What must be re-iterated to be absolutely clear is that classes are first class objects. This means that new functions and member variables can be added to a class at any time, and then new instances of the class created. Existing instances of the class are affected by changes to the class. There are even hooks to allow the class programmer to redefine what happens when a new member is added to a class if desired!

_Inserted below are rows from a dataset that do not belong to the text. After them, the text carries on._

text \<open>Applied to the extension \<open>S z = proj_T10 \<rho> p z a\<close> of \<open>a\<close>, the condition
  \<open>M p \<in> K\<^sup>1\<^sup>,\<^sup>0\<^sub>p\<^sub>,\<^sub>W\<close> kills the \<open>W\<close>-derivative of \<open>\<L>(M, S)\<close>; by hermitian symmetry on the
  boundary the \<open>W\<close>-derivative of \<open>\<L>(S, M)\<close> vanishes too, and that is the identity below.\<close>

lemma KX_derivative_identity:
  assumes MC: "Ck 1 U M" and MT: "\<forall>z\<in>U \<inter> frontier \<Omega>. M z \<in> T10 \<rho> z"
    and MK: "M p \<in> KX \<Omega> \<rho> p W" and W: "W \<in> Tb \<rho> p" and a: "a \<in> Kker \<rho> p"
  shows "sesq (Dir (levi_matrix \<rho>) p W) a (M p) + sesq (levi_matrix \<rho> p) (Dir (\<lambda>z. proj_T10 \<rho> p z a) p W) (M p)
          + sesq (levi_matrix \<rho> p) a (Dir M p W) = 0"
proof -
  let ?C = "levi_matrix \<rho>"
  define S where "S z = proj_T10 \<rho> p z a" for z
  have "Ck 1 U S"
    unfolding S_def[abs_def] by (rule Ck_proj_T10[OF open_U Ck_subset[OF drho_C1 U_subset]])
  then have Sd: "(S has_derivative Dir S p) (at p)" using Ck_has_derivative p_in_U by blast
  have Sp: "S p = a"
    unfolding S_def using proj_T10_self[OF drho_sq_nonzero_at] a by (simp add: Kker_def T10_eq_normal_part)
  have ST: "S z \<in> T10 \<rho> z" for z unfolding S_def by (simp add: T10_eq_normal_part normal_part_proj_T10)
  have Md: "(M has_derivative Dir M p) (at p)" using Ck_has_derivative[OF MC p_in_U] by simp
  note Cd = has_derivative_levi_matrix[OF p_in_V]
  have "Dir (\<lambda>z. levi \<rho> z (M z) (S z)) p W = 0"
    using KX_derivative_zero[OF MK a open_U p_in_U MC \<open>Ck 1 U S\<close> refl Sp] MT ST by simp
  define g' where "g' h = sesq (Dir ?C p h) (M p) a + sesq (?C p) (Dir M p h) a + sesq (?C p) (M p) (Dir S p h)" for h
  define g2' where "g2' h = sesq (Dir ?C p h) a (M p) + sesq (?C p) (Dir S p h) (M p) + sesq (?C p) a (Dir M p h)" for h
  have Gd: "((\<lambda>z. levi \<rho> z (M z) (S z)) has_derivative g') (at p)"
    unfolding levi_eq_sesq g'_def[abs_def] using sesq_has_derivative[OF Cd Md Sd] by (simp only: Sp)
  have G2d: "((\<lambda>z. levi \<rho> z (S z) (M z)) has_derivative g2') (at p)"
    unfolding levi_eq_sesq g2'_def[abs_def] using sesq_has_derivative[OF Cd Sd Md] by (simp only: Sp)
  have "g' W = 0" using \<open>Dir (\<lambda>z. levi \<rho> z (M z) (S z)) p W = 0\<close> has_derivative_imp_Dir_eq[OF Gd] by simp
  have "(\<lambda>h. g2' h - cnj (g' h)) W = 0"
  proof (rule tangential_derivative_zero[OF boundary_point has_derivative_diff[OF G2d has_derivative_cnj[OF Gd]]
        _ open_U p_in_U])
    show "Dir \<rho> p W = 0" using W by (simp add: mem_Tb_iff)
    show "levi \<rho> w (S w) (M w) - cnj (levi \<rho> w (M w) (S w)) = 0" if "w \<in> U" "w \<in> frontier \<Omega>" for w
    proof -
      have "M w \<in> T10 \<rho> w" using MT that by blast
      then show ?thesis using levi_hermitian[OF eigenvalues[OF that(2)] ST] by simp
    qed
  qed
  then show ?thesis using \<open>g' W = 0\<close> by (simp add: g2'_def S_def[abs_def])
qed

lemma normal_part_Dir_proj_T10:
  assumes "normal_part \<rho> p a = 0"
  shows "normal_part \<rho> p (Dir (\<lambda>z. proj_T10 \<rho> p z a) p W) = - (\<Sum>j\<in>UNIV. a $ j * Dir (drho \<rho>) p W $ j)"
proof -
  have "Ck 1 V (\<lambda>z. proj_T10 \<rho> p z a)" by (rule Ck_proj_T10[OF open_nbhd drho_C1])
  then have "((\<lambda>z. proj_T10 \<rho> p z a) has_derivative Dir (\<lambda>z. proj_T10 \<rho> p z a) p) (at p)"
    using Ck_has_derivative p_in_V by blast
  from has_derivative_normal_part[OF this has_derivative_drho[OF p_in_V]]
  have "((\<lambda>z. 0) has_derivative (\<lambda>h. normal_part \<rho> p (Dir (\<lambda>z. proj_T10 \<rho> p z a) p h)
      + (\<Sum>j\<in>UNIV. proj_T10 \<rho> p p a $ j * Dir (drho \<rho>) p h $ j))) (at p)"
    by (simp add: normal_part_proj_T10)
  from fun_cong[OF Deriv.has_derivative_zero_unique[OF this], of W] show ?thesis
    using proj_T10_self[OF drho_sq_nonzero_at assms] by (simp add: eq_neg_iff_add_eq_0)
qed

Some would say "dynamically typed".
In a typeless system, subtyping becomes irrelevant but implementation inheritance is still useful and allowed, including multiple inheritance with specific rules to allow the programmer to depend on how the interpreter deals with specific cases.
Although a Smalltalk programmer might feel right at home in the Python environment, programmers used to strongly typed languages should watch their step at first. A great number of pitfalls exist that are not immediately obvious. For example, the behavior of the namespace. A data member hides a method member of the same name. The description of mix of static and dynamic name resolution in the documentation is confusing, although the upshot is that the name resolution basically behaves as one would expect it to.
The bottom line is that some would consider Python to be the most object oriented language recently developed, but working without the crutches of type-safety and static class objects can be harder at first.




3. Other Abstractions


Convenience features are a double edged sword, as often they are only convenient for the original implementor of a language.
Java provides the user with objects, and uses them as the universal solution to all problems. This helps keep the core language small, and allows much of the "standard functionality" to be provided as libraries written in Java. This approach can really simplify the job of creating new Java implementations. Unfortunately, it doesn't make the programmer's job any easier, since the class libraries provided with the language contain sparse documentation that frequently leaves one looking at the code to understand the features.
Phantom takes the middle road, providing some useful built-in features for handling lists an threads. The list features include working with a slice of the list which is some subrange of the list's valid indexes, and an operator for appending lists. Although Scheme-style functions such as map and reduce are not provided in the language they would be trivial to implement since closures are provided. Threads get an above-average treatment in Phantom with synchronization built-in as a keyword for class definitions and a mutex type for writing critical sections supported directly by the language specification.
Python goes the furthest of all, providing genuinely useful abstractions built-in to the language. The first encountered and most commonly seen abstraction is the sequence. Lists, strings, and tuples are all examples of the sequence type. All of these objects have convenient indexing, slicing, and concatenation facilities. The values a variable in a for loop takes on are the successive values of any sequence data type, leading to an intuitive and powerful looping construct.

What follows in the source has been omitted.